→ PROBLEM:
Going through the records that follow, please count the lines with "finally" in them and give only the count.

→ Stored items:
lemma weight_insert_closed_nb:
  assumes sg: "sgraph V E" and w: "w \<notin> closed_nb E x"
  shows "weight E (insert w (closed_nb E x)) =
    (degree E w + card (nb E w - insert w (closed_nb E x))) + degree E x
    + (\<Sum>u\<in>nb E x. degree E u + card (nb E u - insert w (closed_nb E x)))"
proof -
  have "nb E x - insert w (closed_nb E x) = {}" by (auto simp: closed_nb_def)
  then show ?thesis using w finite_nb[OF sg] not_in_nb[OF sg, of x]
    by (simp add: weight_def closed_nb_def)
qed

lemma card_leaving_edges_le:
  assumes sg: "sgraph V E" and finS: "finite S"
  shows "card {e\<in>E. e \<inter> S \<noteq> {} \<and> e - S \<noteq> {}} \<le> (\<Sum>y\<in>S. card (nb E y - S))"
proof -
  have "card {e\<in>E. e \<inter> S \<noteq> {} \<and> e - S \<noteq> {}} \<le> card (\<Union>y\<in>S. (\<lambda>t. {y, t}) ` (nb E y - S))"
  proof (rule card_mono)
    show "finite (\<Union>y\<in>S. (\<lambda>t. {y, t}) ` (nb E y - S))" using finS finite_nb[OF sg] by auto
    show "{e\<in>E. e \<inter> S \<noteq> {} \<and> e - S \<noteq> {}} \<subseteq> (\<Union>y\<in>S. (\<lambda>t. {y, t}) ` (nb E y - S))"
    proof
      fix e assume "e \<in> {e\<in>E. e \<inter> S \<noteq> {} \<and> e - S \<noteq> {}}"
      then have e: "e \<in> E" "e \<inter> S \<noteq> {}" "e - S \<noteq> {}" by auto
      then obtain a b where ab: "e = {a, b}" using sgraph_edgeD[OF sg] by blast
      show "e \<in> (\<Union>y\<in>S. (\<lambda>t. {y, t}) ` (nb E y - S))"
      proof (cases "a \<in> S")
        case True then show ?thesis using e ab by (auto simp: nb_def)
      next
        case False
        then have "b \<in> S" "a \<in> nb E b" "e = {b, a}"
          using e ab by (auto simp: nb_def insert_commute)
        then show ?thesis using False by blast
      qed
    qed
  qed
  also have "\<dots> \<le> (\<Sum>y\<in>S. card ((\<lambda>t. {y, t}) ` (nb E y - S)))"
    by (rule card_UN_le[OF finS])
  also have "\<dots> \<le> (\<Sum>y\<in>S. card (nb E y - S))"
    by (rule sum_mono) (simp add: card_image_le finite_nb[OF sg])
  finally show ?thesis .
qed
(* Let $G(x,u)=\sum_{n\ge0}\frac{u^n}{n!}G_n(x)$ and $H(x,u)=\sum_{n\ge0}\frac{u^n}{n!}H_n(x)$. Then \[H(x,u)=(1+x)\left(G(x,u)-\tfrac12G(x,u)^2\right).\]
   Context: $G_0(x)=\frac{x}{1+x}$, $H_0(x)=\frac{x(x+2)}{2(x+1)}$, and for $n\ge1$ the polynomials $G_n,H_n$ are defined by $G_1=H_1=1$, $G_{n+1}(x)=(2n+nx)G_n(x)+(1+x)^2G_n'(x)$, $H_{n+1}(x)=(2n-1+(n-1)x)H_n(x)+(1+x)^2H_n'(x)$. The identity is of formal power series in $u$ and $x$. *)

theory Defs
  imports "HOL-Computational_Algebra.Computational_Algebra"
begin

text \<open>The polynomials G_n, H_n for n \<ge> 1 (index 0 is unused: G_0, H_0 are rational
  functions, handled separately below).\<close>

fun Gpoly :: "nat \<Rightarrow> real poly" where
  "Gpoly 0 = 0"
| "Gpoly (Suc 0) = 1"
| "Gpoly (Suc (Suc m)) =
     [: 2 * real (Suc m), real (Suc m) :] * Gpoly (Suc m)
     + [:1, 1:]^2 * pderiv (Gpoly (Suc m))"

fun Hpoly :: "nat \<Rightarrow> real poly" where
  "Hpoly 0 = 0"
| "Hpoly (Suc 0) = 1"
| "Hpoly (Suc (Suc m)) =
     [: 2 * real (Suc m) - 1, real (Suc m) - 1 :] * Hpoly (Suc m)
     + [:1, 1:]^2 * pderiv (Hpoly (Suc m))"

definition Gn :: "nat \<Rightarrow> real fps" where
  "Gn n = (if n = 0 then fps_X / (1 + fps_X) else fps_of_poly (Gpoly n))"

definition Hn :: "nat \<Rightarrow> real fps" where
  "Hn n = (if n = 0 then fps_X * (fps_X + 2) / (2 * (fps_X + 1)) else fps_of_poly (Hpoly n))"

text \<open>Bivariate exponential generating functions: formal power series in u whose
  coefficients are formal power series in x.\<close>

definition Gser :: "real fps fps" where
  "Gser = Abs_fps (\<lambda>n. fps_const (1 / fact n) * Gn n)"

definition Hser :: "real fps fps" where
  "Hser = Abs_fps (\<lambda>n. fps_const (1 / fact n) * Hn n)"

end

theory Submission
  imports Defs
begin

text \<open>
  Write \<open>u\<close> for the variable of the outer series and \<open>x\<close> for that of the
  coefficients. The recurrences for \<open>G\<^sub>n\<close> and \<open>H\<^sub>n\<close>, including the step from
  the rational functions \<open>G\<^sub>0\<close>, \<open>H\<^sub>0\<close>, say exactly that \<open>G\<close> and \<open>H\<close> solve the
  first-order equations \<open>\<partial>\<^sub>u G = P G\<close> and \<open>\<partial>\<^sub>u H = P H - (1 + x) H\<close>, where
  \<open>P = (2 + x) u \<partial>\<^sub>u + (1 + x)\<^sup>2 \<partial>\<^sub>x\<close> is a derivation. Since \<open>P\<close> obeys the
  Leibniz rule, \<open>M = G - G\<^sup>2/2\<close> again solves \<open>\<partial>\<^sub>u M = P M\<close>, and then
  \<open>K = (1 + x) M\<close> solves the equation of \<open>H\<close> because \<open>P (1 + x) = (1 + x) P + (1 + x)\<^sup>2\<close>.
  Comparing coefficients of \<open>u\<^sup>n\<close> shows that such an equation determines a series
  from its constant term, and \<open>H\<^sub>0 = (1 + x) (G\<^sub>0 - G\<^sub>0\<^sup>2/2)\<close> is checked directly.
\<close>

definition fps_deriv_coeffs :: "'a::comm_ring_1 fps fps \<Rightarrow> 'a fps fps" where
  "fps_deriv_coeffs A = Abs_fps (\<lambda>n. fps_deriv (A $ n))"

lemma fps_deriv_coeffs_nth [simp]: "fps_deriv_coeffs A $ n = fps_deriv (A $ n)"
  by (simp add: fps_deriv_coeffs_def)

lemma fps_deriv_coeffs_diff [simp]:
  "fps_deriv_coeffs (A - B) = fps_deriv_coeffs A - fps_deriv_coeffs B"
  by (rule fps_ext) simp

lemma fps_deriv_coeffs_mult:
  "fps_deriv_coeffs (A * B) = fps_deriv_coeffs A * B + A * fps_deriv_coeffs B"
  by (rule fps_ext) (simp add: fps_mult_nth fps_deriv_sum sum.distrib add.commute)

lemma fps_deriv_coeffs_const_mult:
  "fps_deriv_coeffs (fps_const c * A)
     = fps_const (fps_deriv c) * A + fps_const c * fps_deriv_coeffs A"
  by (rule fps_ext) (simp add: algebra_simps)

definition fps_derivation :: "'a::comm_ring_1 fps \<Rightarrow> 'a fps \<Rightarrow> 'a fps fps \<Rightarrow> 'a fps fps" where
  "fps_derivation a b A = fps_const a * fps_X * fps_deriv A + fps_const b * fps_deriv_coeffs A"

lemma fps_derivation_nth:
  "fps_derivation a b A $ n = a * of_nat n * A $ n + b * fps_deriv (A $ n)"
proof -
  have "(fps_const a * fps_X * fps_deriv A) $ n = a * of_nat n * A $ n"
    by (cases n) (simp_all add: mult.assoc)
  then show ?thesis by (simp add: fps_derivation_def)
qed

lemma fps_derivation_diff:
  "fps_derivation a b (A - B) = fps_derivation a b A - fps_derivation a b B"
  by (simp add: fps_derivation_def algebra_simps)

lemma fps_derivation_mult:
  "fps_derivation a b (A * B) = fps_derivation a b A * B + A * fps_derivation a b B"
  by (simp add: fps_derivation_def fps_deriv_coeffs_mult algebra_simps)

lemma fps_derivation_const_mult:
  "fps_derivation a b (fps_const c * A)
     = fps_const c * fps_derivation a b A + fps_const (b * fps_deriv c) * A"
  unfolding fps_derivation_def fps_deriv_coeffs_const_mult by (simp add: algebra_simps)

lemma fps_derivation_power2:
  "fps_derivation a b (A ^ 2) = 2 * A * fps_derivation a b A"
  by (simp add: power2_eq_square fps_derivation_mult algebra_simps)

lemma linear_pde_solution_eq_0:
  fixes D :: "'a::field_char_0 fps fps"
  assumes "fps_deriv D = fps_derivation a b D - fps_const c * D" and "D $ 0 = 0"
  shows "D = 0"
proof -
  have "D $ n = 0" for n
  proof (induction n)
    case 0
    then show ?case using assms(2) by simp
  next
    case (Suc n)
    have "of_nat (Suc n) * D $ Suc n = fps_deriv D $ n"
      by (simp add: mult.commute)
    also have "\<dots> = (fps_derivation a b D - fps_const c * D) $ n"
      using assms(1) by simp
    also have "\<dots> = 0" using Suc by (simp add: fps_derivation_nth)
    finally show ?case by (simp del: of_nat_Suc)
  qed
  then show ?thesis by (simp add: fps_ext)
qed

lemma fps_derivation_solution_quadratic:
  assumes "fps_deriv F = fps_derivation a b F"
  shows "fps_deriv (F - fps_const (fps_const c) * F ^ 2)
       = fps_derivation a b (F - fps_const (fps_const c) * F ^ 2)"
proof -
  have "fps_derivation a b (fps_const (fps_const c) * F ^ 2)
      = fps_const (fps_const c) * (2 * F * fps_derivation a b F)"
    by (simp add: fps_derivation_const_mult fps_derivation_power2)
  then show ?thesis
    using assms by (simp add: fps_derivation_diff power2_eq_square algebra_simps)
qed

lemma fps_derivation_solution_const_mult:
  assumes "fps_deriv M = fps_derivation a b M"
  shows "fps_deriv (fps_const e * M)
       = fps_derivation a b (fps_const e * M) - fps_const (b * fps_deriv e) * M"
  using assms by (simp add: fps_derivation_const_mult)

definition egf_coeffs :: "(nat \<Rightarrow> 'a::field_char_0 fps) \<Rightarrow> 'a fps fps" where
  "egf_coeffs F = Abs_fps (\<lambda>n. fps_const (1 / fact n) * F n)"

lemma egf_coeffs_nth: "egf_coeffs F $ n = fps_const (1 / fact n) * F n"
  by (simp add: egf_coeffs_def)

lemma egf_coeffs_pde:
  assumes "\<And>n. F (Suc n) = a * of_nat n * F n + b * fps_deriv (F n) - c * F n"
  shows "fps_deriv (egf_coeffs F)
     = fps_derivation a b (egf_coeffs F) - fps_const c * egf_coeffs F"
proof (rule fps_ext)
  fix n
  have fact_step:
    "(of_nat (Suc n) :: 'a fps) * fps_const (1 / fact (Suc n)) = fps_const (1 / fact n)"
    by (simp add: fps_of_nat[symmetric] field_simps del: of_nat_Suc)
  have "fps_deriv (egf_coeffs F) $ n
      = of_nat (Suc n) * fps_const (1 / fact (Suc n)) * F (Suc n)"
    by (simp add: egf_coeffs_nth mult.assoc del: of_nat_Suc)
  also have "\<dots> = fps_const (1 / fact n) * F (Suc n)"
    by (simp only: fact_step)
  also have "\<dots> = (fps_derivation a b (egf_coeffs F) - fps_const c * egf_coeffs F) $ n"
    by (simp add: assms fps_derivation_nth egf_coeffs_nth algebra_simps)
  finally show "fps_deriv (egf_coeffs F) $ n
      = (fps_derivation a b (egf_coeffs F) - fps_const c * egf_coeffs F) $ n" .
qed

lemma Gn_0_mult: "Gn 0 * (1 + fps_X) = fps_X"
  by (simp add: Gn_def fps_is_unit_iff unit_imp_dvd)

lemma Hn_0_mult: "Hn 0 * (2 * (fps_X + 1)) = fps_X * (fps_X + 2)"
proof -
  have "(2 * (fps_X + 1) :: real fps) dvd fps_X * (fps_X + 2)"
    by (simp add: fps_is_unit_iff unit_imp_dvd)
  then show ?thesis by (simp add: Hn_def)
qed

lemma Gn_Suc: "Gn (Suc n) = (2 + fps_X) * of_nat n * Gn n + (1 + fps_X)^2 * fps_deriv (Gn n)"
proof (cases n)
  case 0
  have "fps_deriv (Gn 0) * (1 + fps_X) + Gn 0 = 1"
    using arg_cong[OF Gn_0_mult, of fps_deriv] by (simp add: algebra_simps)
  then have deriv_Gn_0: "fps_deriv (Gn 0) * (1 + fps_X) = 1 - Gn 0"
    by (simp add: algebra_simps)
  have "(1 + fps_X)^2 * fps_deriv (Gn 0) = (1 + fps_X) * (fps_deriv (Gn 0) * (1 + fps_X))"
    by (simp add: power2_eq_square algebra_simps)
  also have "\<dots> = (1 + fps_X) * (1 - Gn 0)"
    by (simp only: deriv_Gn_0)
  also have "\<dots> = 1"
    using Gn_0_mult by (simp add: algebra_simps)
  finally show ?thesis
    using 0 by (simp add: Gn_def)
next
  case (Suc m)
  then show ?thesis
    by (simp add: Gn_def fps_of_poly_simps fps_of_nat[symmetric] numeral_fps_const algebra_simps)
qed

lemma Hn_Suc:
  "Hn (Suc n) = (2 + fps_X) * of_nat n * Hn n + (1 + fps_X)^2 * fps_deriv (Hn n)
     - (1 + fps_X) * Hn n"
proof (cases n)
  case 0
  have "fps_deriv (Hn 0) * (2 * (fps_X + 1)) + 2 * Hn 0 = 2 * fps_X + 2"
    using arg_cong[OF Hn_0_mult, of fps_deriv] by (simp add: algebra_simps)
  then have deriv_Hn_0: "fps_deriv (Hn 0) * (2 * (fps_X + 1)) = 2 * fps_X + 2 - 2 * Hn 0"
    by (simp add: algebra_simps)
  have "2 * ((1 + fps_X)^2 * fps_deriv (Hn 0) - (1 + fps_X) * Hn 0)
      = (1 + fps_X) * (fps_deriv (Hn 0) * (2 * (fps_X + 1))) - 2 * ((1 + fps_X) * Hn 0)"
    by (simp add: power2_eq_square algebra_simps)
  also have "\<dots> = (1 + fps_X) * (2 * fps_X + 2 - 2 * Hn 0) - 2 * ((1 + fps_X) * Hn 0)"
    by (simp only: deriv_Hn_0)
  also have "\<dots> = 2 * (1 + fps_X)^2 - 2 * (Hn 0 * (2 * (fps_X + 1)))"
    by (simp add: power2_eq_square algebra_simps)
  also have "\<dots> = 2 * 1"
    using Hn_0_mult by (simp add: power2_eq_square algebra_simps)
  finally have "(1 + fps_X)^2 * fps_deriv (Hn 0) - (1 + fps_X) * Hn 0 = 1"
    by (metis mult_left_cancel zero_neq_numeral)
  then show ?thesis
    using 0 by (simp add: Hn_def)
next
  case (Suc m)
  have linear: "fps_of_poly [:a, b:] = fps_const a + fps_const b * fps_X" for a b :: real
    by (simp add: fps_of_poly_pCons algebra_simps)
  have expand: "Hn (Suc n) = (fps_const (2 * real n - 1) + fps_const (real n - 1) * fps_X) * Hn n
      + (1 + fps_X)^2 * fps_deriv (Hn n)"
    using Suc by (simp only: Hn_def Hpoly.simps fps_of_poly_mult fps_of_poly_add linear
       fps_of_poly_power fps_of_poly_pderiv fps_of_poly_pCons fps_of_poly_1 fps_of_poly_0
       fps_const_1_eq_1 Suc_neq_Zero if_False) simp
  have coeff: "fps_const (2 * real n - 1) + fps_const (real n - 1) * fps_X
      = (2 + fps_X) * of_nat n - (1 + fps_X :: real fps)"
    by (simp add: fps_of_nat[symmetric] numeral_fps_const algebra_simps)
  show ?thesis
    by (simp only: expand coeff) (simp add: algebra_simps)
qed

lemma Gser_pde: "fps_deriv Gser = fps_derivation (2 + fps_X) ((1 + fps_X)^2) Gser"
proof -
  have "Gser = egf_coeffs Gn"
    by (simp add: Gser_def egf_coeffs_def)
  then show ?thesis
    using egf_coeffs_pde[of Gn "2 + fps_X" "(1 + fps_X)^2" 0] Gn_Suc by simp
qed

lemma Hser_pde:
  "fps_deriv Hser = fps_derivation (2 + fps_X) ((1 + fps_X)^2) Hser
     - fps_const (1 + fps_X) * Hser"
proof -
  have Hser_eq: "Hser = egf_coeffs Hn"
    by (simp add: Hser_def egf_coeffs_def)
  show ?thesis
    unfolding Hser_eq by (rule egf_coeffs_pde) (rule Hn_Suc)
qed

lemma Hn_0_eq: "Hn 0 = (1 + fps_X) * (Gn 0 - fps_const (1/2) * Gn 0 ^ 2)"
proof -
  have "(1 + fps_X) * (Gn 0 - fps_const (1/2) * Gn 0 ^ 2) * (2 * (fps_X + 1))
      = 2 * (1 + fps_X) * (Gn 0 * (1 + fps_X)) - (2 * fps_const (1/2)) * (Gn 0 * (1 + fps_X))^2"
    by (simp add: power2_eq_square algebra_simps)
  also have "\<dots> = Hn 0 * (2 * (fps_X + 1))"
    unfolding Gn_0_mult Hn_0_mult by (simp add: numeral_fps_const power2_eq_square algebra_simps)
  finally show ?thesis
    by (subst (asm) mult_right_cancel) (auto simp: fps_eq_iff)
qed

theorem mainTheorem7:
  shows "Hser = fps_const (1 + fps_X) *
           (Gser - fps_const (fps_const (1/2)) * Gser ^ 2)"
proof -
  define M where "M = Gser - fps_const (fps_const (1/2)) * Gser ^ 2"
  define K where "K = fps_const (1 + fps_X) * M"
  have M_pde: "fps_deriv M = fps_derivation (2 + fps_X) ((1 + fps_X)^2) M"
    unfolding M_def by (rule fps_derivation_solution_quadratic) (rule Gser_pde)
  have "fps_deriv K = fps_derivation (2 + fps_X) ((1 + fps_X)^2) K
      - fps_const ((1 + fps_X)^2) * M"
    using fps_derivation_solution_const_mult[OF M_pde, of "1 + fps_X"] by (simp add: K_def)
  also have "fps_const ((1 + fps_X)^2) * M = fps_const (1 + fps_X) * K"
    by (simp add: K_def power2_eq_square mult.assoc flip: fps_const_mult)
  finally have K_pde: "fps_deriv K = fps_derivation (2 + fps_X) ((1 + fps_X)^2) K
      - fps_const (1 + fps_X) * K" .
  have "Hser - K = 0"
  proof (rule linear_pde_solution_eq_0)
    show "fps_deriv (Hser - K) = fps_derivation (2 + fps_X) ((1 + fps_X)^2) (Hser - K)
        - fps_const (1 + fps_X) * (Hser - K)"
      by (simp add: Hser_pde K_pde fps_derivation_diff algebra_simps)
    show "(Hser - K) $ 0 = 0"
      using Hn_0_eq by (simp add: K_def M_def Hser_def Gser_def power2_eq_square)
  qed
  then show ?thesis
    by (simp add: K_def M_def)
qed

end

→ WRITTEN SOLUTION:
7